JHU's Center for Social Concern, AFSC Sponsor "Voices of Dissent"

The public is invited to a free evening of music and testimony from soldiers and others who have recently returned from Iraq.
BALTIMORE, Oct. 11, 2004--Johns Hopkins University will be the site of what organizers are calling "the first major anti-war event this fall in Baltimore." "Voices of Dissent," featuring music and speakers, will take place in Hodson Hall on the Homewood campus on October 14 at 8:00 PM. Five speakers will speak about the devastating results of the war in Iraq: David Chasteen, an Iraq war veteran and spokesperson for Operation Truth, Mary Trotochaud and Rick McDowell, who served as peace delegation representatives of the American Friends Service Committee in Baghdad, Peggy Gish, who coordinates the work of the Christian Peacemaker Teams in Iraq, and Celeste Zappala, who lost her son in combat in Iraq.

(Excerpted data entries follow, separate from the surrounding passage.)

(* Let S be a family closed under finite unions, each of whose members meets every A n in a
   finite set.  Then some ultrafilter contains all tail unions of (A n) and all complements of
   members of S: the sets T n - s form a filter base because A n - s is infinite. *)
lemma ultrafilter_through_tails:
  fixes A :: "nat \<Rightarrow> 'a set" and S :: "'a set set"
  assumes AX: "\<And>n. A n \<subseteq> X" and A_inf: "\<And>n. infinite (A n)"
    and S_empty: "{} \<in> S"
    and S_Un: "\<And>s t. s \<in> S \<Longrightarrow> t \<in> S \<Longrightarrow> s \<union> t \<in> S"
    and A_S: "\<And>n s. s \<in> S \<Longrightarrow> finite (A n \<inter> s)"
  shows "\<exists>p. ultrafilter_on X p \<and> (\<forall>n. (\<Union>i\<in>{n..}. A i) \<in> p) \<and> (\<forall>s\<in>S. X - s \<in> p)"
proof -
  define T where "T n = (\<Union>i\<in>{n..}. A i)" for n
  have TX: "T n \<subseteq> X" for n using AX unfolding T_def by blast
  have T_anti: "m \<le> n \<Longrightarrow> T n \<subseteq> T m" for m n unfolding T_def by (rule UN_mono) auto
  define B where "B = {T n - s | n s. s \<in> S}"
  have BX: "B \<subseteq> Pow X" unfolding B_def using TX by blast
  have "filter_on X (generated_filter X B)"
  proof (rule filter_on_generated[OF BX])
    show "B \<noteq> {}" unfolding B_def using S_empty by blast
    show "{} \<notin> B"
    proof
      assume "{} \<in> B"
      then obtain n s where "s \<in> S" "T n - s = {}" unfolding B_def by blast
      then have "A n \<subseteq> A n \<inter> s" unfolding T_def by blast
      then show False using A_S[OF \<open>s \<in> S\<close>] A_inf finite_subset by metis
    qed
    show "\<exists>c\<in>B. c \<subseteq> a \<inter> b" if ab: "a \<in> B" "b \<in> B" for a b
    proof -
      obtain n s m t where "s \<in> S" "t \<in> S" "a = T n - s" "b = T m - t"
        using ab unfolding B_def by blast
      moreover have "T (max n m) \<subseteq> T n" "T (max n m) \<subseteq> T m" using T_anti by simp_all
      moreover have "T (max n m) - (s \<union> t) \<in> B"
        unfolding B_def using S_Un[OF \<open>s \<in> S\<close> \<open>t \<in> S\<close>] by blast
      ultimately have "T (max n m) - (s \<union> t) \<in> B" "T (max n m) - (s \<union> t) \<subseteq> a \<inter> b"
        by auto
      then show ?thesis by blast
    qed
  qed
  then obtain p where p: "ultrafilter_on X p" and "generated_filter X B \<subseteq> p"
    using ultrafilter_extending_filter by blast
  then have Bp: "B \<subseteq> p" using subset_generated_filter[OF BX] by blast
  have "T n \<in> p" for n
  proof -
    have "T n - {} \<in> B" unfolding B_def using S_empty by blast
    then show ?thesis using Bp by auto
  qed
  moreover have "X - s \<in> p" if "s \<in> S" for s
  proof -
    have "T 0 - s \<in> p" using Bp that unfolding B_def by blast
    moreover have "T 0 - s \<subseteq> X - s" using TX by blast
    ultimately show ?thesis using filter_on_mono[OF ultrafilter_on_filter[OF p]] by blast
  qed
  ultimately show ?thesis using p unfolding T_def by blast
qed

lemma ultrafilter_member_infinite:
  assumes p: "ultrafilter_on X p" and free: "\<And>F. finite F \<Longrightarrow> F \<subseteq> X \<Longrightarrow> X - F \<in> p"
    and "P \<in> p"
  shows "infinite P"
proof
  assume "finite P"
  have pF: "filter_on X p" using p by (rule ultrafilter_on_filter)
  have "P \<subseteq> X" using filter_on_Pow[OF pF] \<open>P \<in> p\<close> by blast
  then have "P \<inter> (X - P) \<in> p" using free \<open>finite P\<close> \<open>P \<in> p\<close> filter_on_Int[OF pF] by blast
  then show False using filter_on_nonempty[OF pF] by simp
qed

lemma filter_on_Inter_atMost:
  fixes Q :: "nat \<Rightarrow> 'a set" and k :: nat
  assumes "filter_on X p" and "\<And>j. Q j \<in> p"
  shows "(\<Inter>j\<le>k. Q j) \<in> p"
proof (induction k)
  case 0
  then show ?case using assms(2) by simp
next
  case (Suc k)
  have "(\<Inter>j\<le>Suc k. Q j) = (\<Inter>j\<le>k. Q j) \<inter> Q (Suc k)" by (auto simp: atMost_Suc)
  then show ?case using Suc filter_on_Int[OF assms(1)] assms(2) by metis
qed

(* On a countable set, countably many members of a free ultrafilter have an infinite
   pseudo-intersection: pick x k in Q 0 \<inter> ... \<inter> Q k with code f (x k) >= k, so that the
   range of x is infinite and almost contained in each Q n. *)
lemma countable_pseudo_intersection:
  fixes X :: "'a set" and Q :: "nat \<Rightarrow> 'a set"
  assumes "countable X" and p: "ultrafilter_on X p" and p_inf: "\<And>P. P \<in> p \<Longrightarrow> infinite P"
    and Q: "\<And>n. Q n \<in> p"
  shows "\<exists>C. C \<subseteq> X \<and> infinite C \<and> (\<forall>n. finite (C - Q n))"
proof -
  obtain f :: "'a \<Rightarrow> nat" where f: "inj_on f X" using \<open>countable X\<close> by (meson countable_def)
  have pF: "filter_on X p" using p by (rule ultrafilter_on_filter)
  define E where "E k = (\<Inter>j\<le>k. Q j)" for k
  have E: "E k \<in> p" for k unfolding E_def using filter_on_Inter_atMost[OF pF Q] .
  have EX: "E k \<subseteq> X" for k using E filter_on_Pow[OF pF] by blast
  \<comment> \<open>Since E k is infinite and f is injective on it, f is unbounded on E k.\<close>
  have "\<exists>y\<in>E k. k \<le> f y" for k
  proof (rule ccontr)
    assume "\<not> (\<exists>y\<in>E k. k \<le> f y)"
    then have "f ` E k \<subseteq> {..<k}" by auto
    then have "finite (f ` E k)" by (rule finite_subset) simp
    moreover have "inj_on f (E k)" using f EX by (rule inj_on_subset)
    ultimately have "finite (E k)" by (rule finite_imageD)
    then show False using p_inf E by blast
  qed
  then obtain x where x_E: "\<And>k. x k \<in> E k" and x_f: "\<And>k. k \<le> f (x k)" by metis
  define C where "C = range x"
  have "C - Q n \<subseteq> x ` {..<n}" for n
  proof
    fix y assume "y \<in> C - Q n"
    then obtain k where "y = x k" "x k \<notin> Q n" unfolding C_def by blast
    moreover have "n \<le> k \<Longrightarrow> x k \<in> Q n" using x_E[of k] unfolding E_def by blast
    ultimately have "k < n" using not_le by blast
    then show "y \<in> x ` {..<n}" using \<open>y = x k\<close> by blast
  qed
  then have "finite (C - Q n)" for n by (rule finite_subset) simp
  moreover have "infinite C"
  proof
    assume "finite C"
    then obtain m where "\<forall>k. f (x k) \<le> m"
      unfolding C_def using finite_nat_set_iff_bounded_le[of "f ` range x"] by blast
    then show False using x_f[of "Suc m"] by (metis not_less_eq_eq)
  qed
  moreover have "C \<subseteq> X" unfolding C_def using x_E EX by blast
  ultimately show ?thesis by blast
qed

lemma bisequential_sequence:
  fixes X :: "'a set"
  assumes "bisequential X \<I>" and "ultrafilter_on X p"
    and I: "\<And>L. L \<in> \<I> \<Longrightarrow> L \<subseteq> X \<and> X - L \<in> p"
  shows "\<exists>P :: nat \<Rightarrow> 'a set. (\<forall>n. P n \<in> p) \<and> (\<forall>L\<in>\<I>. \<exists>n. finite (L \<inter> P n))"
proof -
  have "\<I> \<subseteq> dual_ideal X p"
  proof
    fix L assume "L \<in> \<I>"
    then have "L \<subseteq> X" "X - L \<in> p" using I by auto
    then show "L \<in> dual_ideal X p"
      unfolding dual_ideal_def by (intro CollectI exI[of _ "X - L"]) (simp add: double_diff)
  qed
  then obtain B :: "nat \<Rightarrow> 'a set"
    where B: "\<And>n. B n \<in> dual_ideal X p" and small: "\<forall>L\<in>\<I>. \<exists>n. finite (L - B n)"
    using assms(1,2) unfolding bisequential_def by blast
  have "\<forall>n. \<exists>P. P \<in> p \<and> B n = X - P" using B unfolding dual_ideal_def by blast
  then obtain P :: "nat \<Rightarrow> 'a set" where P: "\<And>n. P n \<in> p" and BP: "\<And>n. B n = X - P n"
    by metis
  have "\<exists>n. finite (L \<inter> P n)" if "L \<in> \<I>" for L
  proof -
    obtain n where "finite (L - B n)" using small \<open>L \<in> \<I>\<close> by blast
    moreover have "L - B n = L \<inter> P n" using I[OF \<open>L \<in> \<I>\<close>] BP by blast
    ultimately show ?thesis by auto
  qed
  then show ?thesis using P by blast
qed

(* Subsets of X almost disjoint from every member of \<A>: perp X \<A> together with the finite
   subsets of X.  It is closed under unions, which makes it usable in the tail construction. *)
definition orth_sets :: "'a set \<Rightarrow> 'a set set \<Rightarrow> 'a set set" where
  "orth_sets X \<A> = {s. s \<subseteq> X \<and> (\<forall>B\<in>\<A>. finite (s \<inter> B))}"

lemma orth_sets_Un: "s \<in> orth_sets X \<A> \<Longrightarrow> t \<in> orth_sets X \<A> \<Longrightarrow> s \<union> t \<in> orth_sets X \<A>"
  unfolding orth_sets_def by (auto simp: Int_Un_distrib2)

lemma finite_in_orth_sets: "finite F \<Longrightarrow> F \<subseteq> X \<Longrightarrow> F \<in> orth_sets X \<A>"
  unfolding orth_sets_def by simp

lemma bisequential_tail_pseudo_intersection:
  fixes X :: "'a set" and A :: "nat \<Rightarrow> 'a set"
  assumes "countable X" and "\<A> \<subseteq> Pinf X" and A: "\<And>n. A n \<in> \<A>"
    and "bisequential X \<I>" and I: "\<I> \<subseteq> orth_sets X \<A>"
  shows "\<exists>C\<in>Pinf X. (\<forall>n. finite (C - (\<Union>i\<in>{n..}. A i))) \<and> (\<forall>L\<in>\<I>. finite (C \<inter> L))"
proof -
  define T where "T n = (\<Union>i\<in>{n..}. A i)" for n
  have "\<exists>p. ultrafilter_on X p \<and> (\<forall>n. T n \<in> p) \<and> (\<forall>s\<in>orth_sets X \<A>. X - s \<in> p)"
    unfolding T_def
  proof (rule ultrafilter_through_tails)
    show "A n \<subseteq> X" "infinite (A n)" for n using A \<open>\<A> \<subseteq> Pinf X\<close> unfolding Pinf_def by auto
    show "{} \<in> orth_sets X \<A>" unfolding orth_sets_def by simp
    show "finite (A n \<inter> s)" if "s \<in> orth_sets X \<A>" for n s
      using that A unfolding orth_sets_def by (auto simp: Int_commute)
  qed (rule orth_sets_Un)
  then obtain p where p: "ultrafilter_on X p" and T: "\<And>n. T n \<in> p"
    and orth: "\<And>s. s \<in> orth_sets X \<A> \<Longrightarrow> X - s \<in> p"
    by blast
  have p_inf: "infinite P" if "P \<in> p" for P
    using ultrafilter_member_infinite[OF p] orth finite_in_orth_sets that by blast
  have "L \<subseteq> X \<and> X - L \<in> p" if "L \<in> \<I>" for L
  proof -
    have "L \<in> orth_sets X \<A>" using I that by blast
    then show ?thesis using orth unfolding orth_sets_def by blast
  qed
  from bisequential_sequence[OF \<open>bisequential X \<I>\<close> p this]
  obtain P :: "nat \<Rightarrow> 'a set" where P: "\<And>n. P n \<in> p" and I_P: "\<forall>L\<in>\<I>. \<exists>n. finite (L \<inter> P n)"
    by blast
  have "T n \<inter> P n \<in> p" for n using filter_on_Int[OF ultrafilter_on_filter[OF p]] T P by blast
  then obtain C where "C \<subseteq> X" "infinite C" and C: "\<And>n. finite (C - (T n \<inter> P n))"
    using countable_pseudo_intersection[OF \<open>countable X\<close> p p_inf, of "\<lambda>n. T n \<inter> P n"]
    by blast
  have "finite (C - T n)" for n using C[of n] by (rule finite_subset[rotated]) blast
  moreover have "finite (C \<inter> L)" if "L \<in> \<I>" for L
  proof -
    obtain n where "finite (L \<inter> P n)" using I_P \<open>L \<in> \<I>\<close> by blast
    then have "finite ((C - (T n \<inter> P n)) \<union> (L \<inter> P n))" using C by blast
    then show ?thesis by (rule finite_subset[rotated]) blast
  qed
  ultimately show ?thesis using \<open>C \<subseteq> X\<close> \<open>infinite C\<close> unfolding Pinf_def T_def by blast
qed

Charlie King and Karen Brandow, renowned musical storytellers and political satirists from Massachusetts, will perform two sets.

The event will be hosted by Payal Patel, senior class president at Hopkins, and Eric Gustafson, a veteran of the first Gulf War and director of the Education for Peace in Iraq Center. Admission is free, but people are encouraged to bring school supplies that will be forwarded by the Johns Hopkins Interfaith Center to children in Iraq.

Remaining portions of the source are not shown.